Dataset entries:

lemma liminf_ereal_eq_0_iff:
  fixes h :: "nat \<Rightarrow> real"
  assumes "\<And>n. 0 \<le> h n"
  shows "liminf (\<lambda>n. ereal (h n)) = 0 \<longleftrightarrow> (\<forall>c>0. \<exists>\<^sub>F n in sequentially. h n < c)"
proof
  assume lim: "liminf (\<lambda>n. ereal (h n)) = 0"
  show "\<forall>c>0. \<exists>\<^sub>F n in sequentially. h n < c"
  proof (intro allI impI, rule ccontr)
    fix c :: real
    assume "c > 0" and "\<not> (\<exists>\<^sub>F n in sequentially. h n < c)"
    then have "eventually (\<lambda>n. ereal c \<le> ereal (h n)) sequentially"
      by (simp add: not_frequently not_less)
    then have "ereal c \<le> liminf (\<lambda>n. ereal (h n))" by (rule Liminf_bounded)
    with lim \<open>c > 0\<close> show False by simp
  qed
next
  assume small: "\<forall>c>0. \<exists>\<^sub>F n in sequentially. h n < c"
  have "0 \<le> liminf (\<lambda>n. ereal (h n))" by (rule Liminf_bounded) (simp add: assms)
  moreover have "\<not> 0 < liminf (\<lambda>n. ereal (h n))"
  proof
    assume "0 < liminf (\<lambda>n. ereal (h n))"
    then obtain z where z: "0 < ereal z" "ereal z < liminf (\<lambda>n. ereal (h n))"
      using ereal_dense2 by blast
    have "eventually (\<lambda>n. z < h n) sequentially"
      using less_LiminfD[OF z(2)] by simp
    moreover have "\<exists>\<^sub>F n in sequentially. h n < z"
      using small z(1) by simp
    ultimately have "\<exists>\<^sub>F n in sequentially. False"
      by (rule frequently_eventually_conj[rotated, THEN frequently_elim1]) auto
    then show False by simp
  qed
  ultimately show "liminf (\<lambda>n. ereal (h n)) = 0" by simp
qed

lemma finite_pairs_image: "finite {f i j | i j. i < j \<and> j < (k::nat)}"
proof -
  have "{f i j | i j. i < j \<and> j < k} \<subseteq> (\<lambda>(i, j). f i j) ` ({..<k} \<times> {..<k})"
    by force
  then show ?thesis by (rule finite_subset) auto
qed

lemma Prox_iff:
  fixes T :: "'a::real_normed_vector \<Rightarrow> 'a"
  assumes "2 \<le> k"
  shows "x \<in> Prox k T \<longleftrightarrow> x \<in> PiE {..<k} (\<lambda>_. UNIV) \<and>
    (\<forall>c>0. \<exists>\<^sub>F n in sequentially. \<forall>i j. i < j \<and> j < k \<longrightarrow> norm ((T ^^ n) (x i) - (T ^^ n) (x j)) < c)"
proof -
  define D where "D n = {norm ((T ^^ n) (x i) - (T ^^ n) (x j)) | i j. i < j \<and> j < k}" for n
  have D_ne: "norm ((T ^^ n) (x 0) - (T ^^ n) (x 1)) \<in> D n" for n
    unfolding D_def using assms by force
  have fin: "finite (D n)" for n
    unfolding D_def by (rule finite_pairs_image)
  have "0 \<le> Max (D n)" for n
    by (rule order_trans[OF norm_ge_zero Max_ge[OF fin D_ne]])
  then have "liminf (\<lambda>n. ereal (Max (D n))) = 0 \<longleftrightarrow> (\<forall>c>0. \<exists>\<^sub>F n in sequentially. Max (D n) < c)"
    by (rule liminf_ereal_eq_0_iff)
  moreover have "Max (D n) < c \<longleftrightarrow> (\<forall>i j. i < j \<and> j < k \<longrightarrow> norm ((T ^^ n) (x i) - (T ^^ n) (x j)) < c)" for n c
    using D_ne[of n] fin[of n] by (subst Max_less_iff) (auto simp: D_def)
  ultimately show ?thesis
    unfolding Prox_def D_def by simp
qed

...

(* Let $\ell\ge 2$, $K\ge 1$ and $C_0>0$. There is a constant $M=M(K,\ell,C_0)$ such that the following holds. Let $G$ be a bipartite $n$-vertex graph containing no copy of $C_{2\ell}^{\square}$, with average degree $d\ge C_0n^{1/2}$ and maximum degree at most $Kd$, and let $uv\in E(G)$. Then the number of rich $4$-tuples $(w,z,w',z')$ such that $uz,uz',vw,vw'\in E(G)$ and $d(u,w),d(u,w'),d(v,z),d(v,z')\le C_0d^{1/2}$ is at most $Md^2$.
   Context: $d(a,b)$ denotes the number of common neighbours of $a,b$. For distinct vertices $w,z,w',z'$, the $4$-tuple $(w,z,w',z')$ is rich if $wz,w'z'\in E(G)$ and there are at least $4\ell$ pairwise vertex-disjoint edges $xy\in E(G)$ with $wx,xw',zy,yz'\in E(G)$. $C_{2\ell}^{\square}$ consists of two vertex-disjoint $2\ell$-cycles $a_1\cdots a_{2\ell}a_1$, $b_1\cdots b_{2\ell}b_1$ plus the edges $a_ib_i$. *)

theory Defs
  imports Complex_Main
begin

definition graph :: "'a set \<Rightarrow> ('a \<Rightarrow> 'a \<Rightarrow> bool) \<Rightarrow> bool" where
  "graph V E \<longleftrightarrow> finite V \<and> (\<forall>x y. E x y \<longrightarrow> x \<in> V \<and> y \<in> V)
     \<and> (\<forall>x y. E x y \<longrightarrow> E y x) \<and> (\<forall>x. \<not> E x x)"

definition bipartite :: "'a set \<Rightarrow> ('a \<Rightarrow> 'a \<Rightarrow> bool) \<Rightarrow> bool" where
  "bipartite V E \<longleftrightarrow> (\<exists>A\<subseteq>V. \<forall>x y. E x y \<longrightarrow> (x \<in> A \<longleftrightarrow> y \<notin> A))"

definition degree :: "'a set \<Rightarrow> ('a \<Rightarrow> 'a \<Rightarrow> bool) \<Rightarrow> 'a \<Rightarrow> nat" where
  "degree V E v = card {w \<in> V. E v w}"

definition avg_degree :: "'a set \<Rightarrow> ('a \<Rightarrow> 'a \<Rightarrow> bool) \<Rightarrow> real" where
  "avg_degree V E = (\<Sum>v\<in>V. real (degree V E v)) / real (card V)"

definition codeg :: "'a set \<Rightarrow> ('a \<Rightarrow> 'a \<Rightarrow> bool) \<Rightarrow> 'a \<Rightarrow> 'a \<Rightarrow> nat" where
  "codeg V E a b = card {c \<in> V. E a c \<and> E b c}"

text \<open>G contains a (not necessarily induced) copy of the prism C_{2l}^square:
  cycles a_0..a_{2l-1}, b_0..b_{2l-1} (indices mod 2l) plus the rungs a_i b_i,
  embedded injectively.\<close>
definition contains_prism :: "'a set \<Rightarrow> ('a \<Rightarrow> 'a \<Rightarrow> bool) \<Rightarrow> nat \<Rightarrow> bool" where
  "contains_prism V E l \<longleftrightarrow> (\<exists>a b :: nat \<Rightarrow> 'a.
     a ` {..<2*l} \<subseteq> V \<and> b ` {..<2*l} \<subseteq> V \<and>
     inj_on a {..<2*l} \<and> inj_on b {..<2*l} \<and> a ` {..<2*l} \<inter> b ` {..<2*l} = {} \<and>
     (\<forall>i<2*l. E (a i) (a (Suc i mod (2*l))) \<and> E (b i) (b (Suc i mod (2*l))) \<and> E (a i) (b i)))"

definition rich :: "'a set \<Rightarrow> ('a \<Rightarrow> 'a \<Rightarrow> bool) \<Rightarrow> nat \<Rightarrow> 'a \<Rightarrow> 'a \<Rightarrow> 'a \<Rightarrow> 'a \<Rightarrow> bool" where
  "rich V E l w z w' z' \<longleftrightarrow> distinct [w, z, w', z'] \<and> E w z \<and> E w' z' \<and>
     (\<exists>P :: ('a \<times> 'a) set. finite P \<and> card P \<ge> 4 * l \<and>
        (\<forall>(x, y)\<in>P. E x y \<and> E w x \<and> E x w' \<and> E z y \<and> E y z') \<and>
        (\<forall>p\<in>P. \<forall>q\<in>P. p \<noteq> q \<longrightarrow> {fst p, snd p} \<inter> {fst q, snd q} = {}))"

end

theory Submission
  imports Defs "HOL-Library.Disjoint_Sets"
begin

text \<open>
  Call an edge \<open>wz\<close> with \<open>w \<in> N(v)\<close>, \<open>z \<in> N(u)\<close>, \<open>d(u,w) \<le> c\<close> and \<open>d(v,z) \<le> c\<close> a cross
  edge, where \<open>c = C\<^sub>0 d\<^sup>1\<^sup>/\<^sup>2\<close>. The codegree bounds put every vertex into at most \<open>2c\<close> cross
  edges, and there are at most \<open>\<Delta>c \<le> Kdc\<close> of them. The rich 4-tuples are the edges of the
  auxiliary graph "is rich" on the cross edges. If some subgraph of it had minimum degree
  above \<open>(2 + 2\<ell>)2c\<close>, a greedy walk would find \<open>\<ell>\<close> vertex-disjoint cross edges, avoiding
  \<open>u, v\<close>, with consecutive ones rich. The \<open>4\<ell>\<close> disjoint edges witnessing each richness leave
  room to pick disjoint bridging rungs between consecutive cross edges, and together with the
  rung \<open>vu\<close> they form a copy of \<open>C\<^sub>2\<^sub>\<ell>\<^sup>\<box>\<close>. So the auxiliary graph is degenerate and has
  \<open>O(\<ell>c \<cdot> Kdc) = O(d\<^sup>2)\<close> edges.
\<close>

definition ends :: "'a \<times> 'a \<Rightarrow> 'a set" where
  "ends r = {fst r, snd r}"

Description of the task: Using only the entries above, output the line with "(indices mod 2l)", the line with "Call an edge", and all lines between them, exactly as they stand.

Result of the task:
  cycles a_0..a_{2l-1}, b_0..b_{2l-1} (indices mod 2l) plus the rungs a_i b_i,
  embedded injectively.\<close>
definition contains_prism :: "'a set \<Rightarrow> ('a \<Rightarrow> 'a \<Rightarrow> bool) \<Rightarrow> nat \<Rightarrow> bool" where
  "contains_prism V E l \<longleftrightarrow> (\<exists>a b :: nat \<Rightarrow> 'a.
     a ` {..<2*l} \<subseteq> V \<and> b ` {..<2*l} \<subseteq> V \<and>
     inj_on a {..<2*l} \<and> inj_on b {..<2*l} \<and> a ` {..<2*l} \<inter> b ` {..<2*l} = {} \<and>
     (\<forall>i<2*l. E (a i) (a (Suc i mod (2*l))) \<and> E (b i) (b (Suc i mod (2*l))) \<and> E (a i) (b i)))"

definition rich :: "'a set \<Rightarrow> ('a \<Rightarrow> 'a \<Rightarrow> bool) \<Rightarrow> nat \<Rightarrow> 'a \<Rightarrow> 'a \<Rightarrow> 'a \<Rightarrow> 'a \<Rightarrow> bool" where
  "rich V E l w z w' z' \<longleftrightarrow> distinct [w, z, w', z'] \<and> E w z \<and> E w' z' \<and>
     (\<exists>P :: ('a \<times> 'a) set. finite P \<and> card P \<ge> 4 * l \<and>
        (\<forall>(x, y)\<in>P. E x y \<and> E w x \<and> E x w' \<and> E z y \<and> E y z') \<and>
        (\<forall>p\<in>P. \<forall>q\<in>P. p \<noteq> q \<longrightarrow> {fst p, snd p} \<inter> {fst q, snd q} = {}))"

end

theory Submission
  imports Defs "HOL-Library.Disjoint_Sets"
begin

text \<open>
  Call an edge \<open>wz\<close> with \<open>w \<in> N(v)\<close>, \<open>z \<in> N(u)\<close>, \<open>d(u,w) \<le> c\<close> and \<open>d(v,z) \<le> c\<close> a cross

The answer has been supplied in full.